Return every line of the data below that includes the string "auto".

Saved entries
———
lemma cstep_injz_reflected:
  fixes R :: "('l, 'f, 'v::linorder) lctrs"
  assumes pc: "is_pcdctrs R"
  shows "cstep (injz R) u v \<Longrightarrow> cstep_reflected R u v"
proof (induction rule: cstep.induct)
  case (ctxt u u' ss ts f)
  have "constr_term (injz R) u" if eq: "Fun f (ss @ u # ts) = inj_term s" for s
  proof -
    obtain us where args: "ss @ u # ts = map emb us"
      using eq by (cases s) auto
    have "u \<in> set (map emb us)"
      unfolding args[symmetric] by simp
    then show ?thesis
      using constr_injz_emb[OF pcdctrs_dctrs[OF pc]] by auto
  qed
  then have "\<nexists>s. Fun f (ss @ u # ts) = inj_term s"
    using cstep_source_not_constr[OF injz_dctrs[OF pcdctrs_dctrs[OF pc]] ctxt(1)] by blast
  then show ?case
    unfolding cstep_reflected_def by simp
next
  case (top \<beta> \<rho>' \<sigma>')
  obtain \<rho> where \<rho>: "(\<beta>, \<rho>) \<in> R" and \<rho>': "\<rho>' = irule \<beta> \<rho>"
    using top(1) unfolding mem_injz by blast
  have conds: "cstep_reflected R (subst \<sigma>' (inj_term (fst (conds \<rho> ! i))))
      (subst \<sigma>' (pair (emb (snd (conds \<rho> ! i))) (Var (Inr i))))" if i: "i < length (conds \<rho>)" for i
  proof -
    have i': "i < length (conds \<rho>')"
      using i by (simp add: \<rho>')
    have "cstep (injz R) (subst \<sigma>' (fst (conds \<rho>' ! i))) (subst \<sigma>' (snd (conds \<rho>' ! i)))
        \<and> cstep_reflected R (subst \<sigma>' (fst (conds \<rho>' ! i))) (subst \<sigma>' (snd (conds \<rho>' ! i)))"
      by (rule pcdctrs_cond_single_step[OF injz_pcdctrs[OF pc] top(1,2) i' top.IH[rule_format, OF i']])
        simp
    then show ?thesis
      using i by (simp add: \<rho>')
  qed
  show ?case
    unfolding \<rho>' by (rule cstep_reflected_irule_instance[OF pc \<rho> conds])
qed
———
#### Result below:
      using eq by (cases s) auto
      using constr_injz_emb[OF pcdctrs_dctrs[OF pc]] by auto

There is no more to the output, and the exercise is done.